“Looka what they do,” yelled Dominick rushing to his side. He had stripped his sleeve back from his arm. Blood was trickling from a knife gash.
Then the tumult broke out again from the crowd. Two men leaped forward shaking their hats in their hands and screaming assertions and pointing quivering fingers at bullet holes in the crowns.
“Shut up!” barked the young man. The presence of the satiric and unsympathetic old engineer nerved him to settle the dispute, if he might. The hint from the other that he had been meddling in what was outside his business gave him an uncomfortable sense of responsibility.
“About face and back to the camp,” he shouted. “I will look at your dinner and we shall see!”

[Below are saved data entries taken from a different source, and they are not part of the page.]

(* For every $n\ge 1$ and every Dyck path $D\in\mathcal{D}_n$, the poset $\psi(D)$ is isomorphic to $\Xi_{\mathrm{poset}}(\Lambda_{\mathrm{steep}}(D))$; that is, $\psi=\Xi_{\mathrm{poset}}\circ\Lambda_{\mathrm{steep}}$ as maps to unit interval posets up to isomorphism.
   Context: A Dyck path of size $n$ is a lattice path from $(0,0)$ to $(n,n)$ with steps $\uparrow=(0,1)$ and $\rightarrow=(1,0)$ staying weakly above $y=x$; $\mathcal{D}_n$ is their set. Its area vector $(a_1,\dots,a_n)$ has $a_i$ equal to the number of full unit squares lying between the path and the diagonal $y=x$ in the row $i-1\le y\le i$. A plane tree is either a single node, or a root joined to an ordered (left-to-right) sequence of plane trees whose roots are its children; $\mathcal{T}_n$ is the set of plane trees with $n$ non-root nodes; the depth $d(u)$ of a node is its distance to the root. For a finite $S=\{x_1<\dots<x_n\}\subset\mathbb{R}$, $\preceq_S$ is the partial order on $[n]$ with $i\prec_S j$ iff $x_i+1<x_j$. $\Xi_{\mathrm{steep}}$: for $T\in\mathcal{T}_n$, perform the clockwise contour walk around $T$ starting at the root (so subtrees are visited from right to left); append $\uparrow$ each time an edge is traversed for the first time and $\rightarrow$ each time it is traversed for the second time. This is a bijection $\mathcal{T}_n\to\mathcal{D}_n$; $\Lambda_{\mathrm{steep}}$ is its inverse. $\Xi_{\mathrm{poset}}$: for $T\in\mathcal{T}_n$ with maximal number of children $m$, for a non-root node $u$ let $c(u)=i$ if $u$ is the $i$-th child of its parent counted from right to left; with $u_0=\text{root},\dots,u_{d(u)}=u$ the root-to-$u$ path set $x_u=d(u)+\sum_{i=1}^{d(u)}c(u_i)(m+2)^{-i}$; with $S=\{x_u: u\text{ non-root}\}$, $\Xi_{\mathrm{poset}}(T)=([n],\preceq_S)$. $\psi$: for $D\in\mathcal{D}_n$ with area vector $(a_1,\dots,a_n)$, $\psi(D)$ is the poset on $[n]$ with $i\prec j$ iff either $a_i+2\le a_j$, or ($a_i+1=a_j$ and $i<j$). *)

theory Defs
  imports Complex_Main
begin

datatype ptree = Node "ptree list"

fun children :: "ptree \<Rightarrow> ptree list" where
  "children (Node cs) = cs"

fun tsize :: "ptree \<Rightarrow> nat" where
  "tsize (Node cs) = (\<Sum>c\<leftarrow>cs. Suc (tsize c))"

definition plane_trees :: "nat \<Rightarrow> ptree set" where
  "plane_trees n = {T. tsize T = n}"

fun maxch :: "ptree \<Rightarrow> nat" where
  "maxch (Node cs) = Max (insert (length cs) (set (map maxch cs)))"

text \<open>A path is a list of steps: True = up step (0,1), False = right step (1,0).\<close>
definition count_up :: "bool list \<Rightarrow> nat" where
  "count_up D = length (filter (\<lambda>s. s) D)"

definition count_right :: "bool list \<Rightarrow> nat" where
  "count_right D = length (filter (\<lambda>s. \<not> s) D)"

definition dyck_paths :: "nat \<Rightarrow> bool list set" where
  "dyck_paths n = {D. count_up D = n \<and> count_right D = n \<and>
      (\<forall>k \<le> length D. count_right (take k D) \<le> count_up (take k D))}"

text \<open>Area vector: the i-th up step (i = 1..n) starts at (r, i-1), where r is the
  number of right steps before it; row i-1 <= y <= i then contains (i-1) - r full
  unit squares between the path and the diagonal. u = number of up steps so far,
  r = number of right steps so far.\<close>
fun area_aux :: "nat \<Rightarrow> nat \<Rightarrow> bool list \<Rightarrow> nat list" where
  "area_aux u r [] = []"
| "area_aux u r (True # D) = (u - r) # area_aux (Suc u) r D"
| "area_aux u r (False # D) = area_aux u (Suc r) D"

definition area_vector :: "bool list \<Rightarrow> nat list" where
  "area_vector D = area_aux 0 0 D"

text \<open>a_i for 1-based i.\<close>
definition area :: "bool list \<Rightarrow> nat \<Rightarrow> nat" where
  "area D i = area_vector D ! (i - 1)"

text \<open>A poset is given by its carrier and its strict order relation.\<close>
type_synonym poset = "nat set \<times> (nat \<Rightarrow> nat \<Rightarrow> bool)"

definition poset_iso :: "poset \<Rightarrow> poset \<Rightarrow> bool" where
  "poset_iso P Q \<longleftrightarrow> (\<exists>f. bij_betw f (fst P) (fst Q) \<and>
      (\<forall>i\<in>fst P. \<forall>j\<in>fst P. snd P i j \<longleftrightarrow> snd Q (f i) (f j)))"

definition psi :: "bool list \<Rightarrow> poset" where
  "psi D = ({1..count_up D},
     (\<lambda>i j. i \<in> {1..count_up D} \<and> j \<in> {1..count_up D} \<and>
        (area D i + 2 \<le> area D j \<or> (area D i + 1 = area D j \<and> i < j))))"

text \<open>Clockwise contour walk from the root: subtrees visited right to left;
  up step on first traversal of an edge, right step on the second.\<close>
fun Xi_steep :: "ptree \<Rightarrow> bool list" where
  "Xi_steep (Node cs) = concat (map (\<lambda>c. True # Xi_steep c @ [False]) (rev cs))"

definition Lambda_steep :: "bool list \<Rightarrow> ptree" where
  "Lambda_steep D = (THE T. Xi_steep T = D)"

text \<open>Non-root nodes are encoded by the list (c(u_1), ..., c(u_d)) of right-to-left
  child indices along the root-to-node path. In a list c # cs of children, the
  first child c has right-to-left index length (c # cs).\<close>
fun node_codes :: "ptree \<Rightarrow> nat list list"
  and node_codes_list :: "ptree list \<Rightarrow> nat list list" where
  "node_codes (Node cs) = node_codes_list cs"
| "node_codes_list [] = []"
| "node_codes_list (c # cs) =
     map (Cons (length (c # cs))) ([] # node_codes c) @ node_codes_list cs"

definition xval :: "nat \<Rightarrow> nat list \<Rightarrow> real" where
  "xval m p = real (length p) + (\<Sum>i<length p. real (p ! i) / (real m + 2) ^ (i + 1))"

definition Xi_S :: "ptree \<Rightarrow> real set" where
  "Xi_S T = xval (maxch T) ` set (node_codes T)"

definition unit_interval_poset :: "real set \<Rightarrow> poset" where
  "unit_interval_poset S = ({1..card S},
     (\<lambda>i j. i \<in> {1..card S} \<and> j \<in> {1..card S} \<and>
        sorted_list_of_set S ! (i - 1) + 1 < sorted_list_of_set S ! (j - 1)))"

definition Xi_poset :: "ptree \<Rightarrow> poset" where
  "Xi_poset T = unit_interval_poset (Xi_S T)"

end

theory Submission
  imports Defs
begin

They hesitated a moment, but he went among them, pushing them down the bank.
He followed with the padrone behind the jabbering throng, and the two engineers came along at his earnest request.
“Mr. Searles,” said Parker after a little while, as they walked side by side, “being an older and wiser man than I am you are probably right in suggesting that I did wrong in interfering in this affair at the outset. But,” he half-chuckled, “I am going to lay the blame on my professor in sociology. He set me to thinking pretty hard in college and I guess I haven't been out from under his influence long enough to get hardened into the selfish views of my fellowman.”
There was earnestness under his smile.
“My boy,” said the elder, “I am not blaming you for what you have done for the poor devils. But I have been all for business in my life. Business hasn't seemed to mix well with philanthropy. I haven't dared to think of what I ought to do. I have thought only of what I had to do, to earn a living for my family.”
“Well,” said Parker, “if the P. K. & R. folks decide that I've been meddling in matters that are none of my business I have no family to suffer for my indiscretion—but I have prospects and I know that a discharged man is worse off than a man who has started.”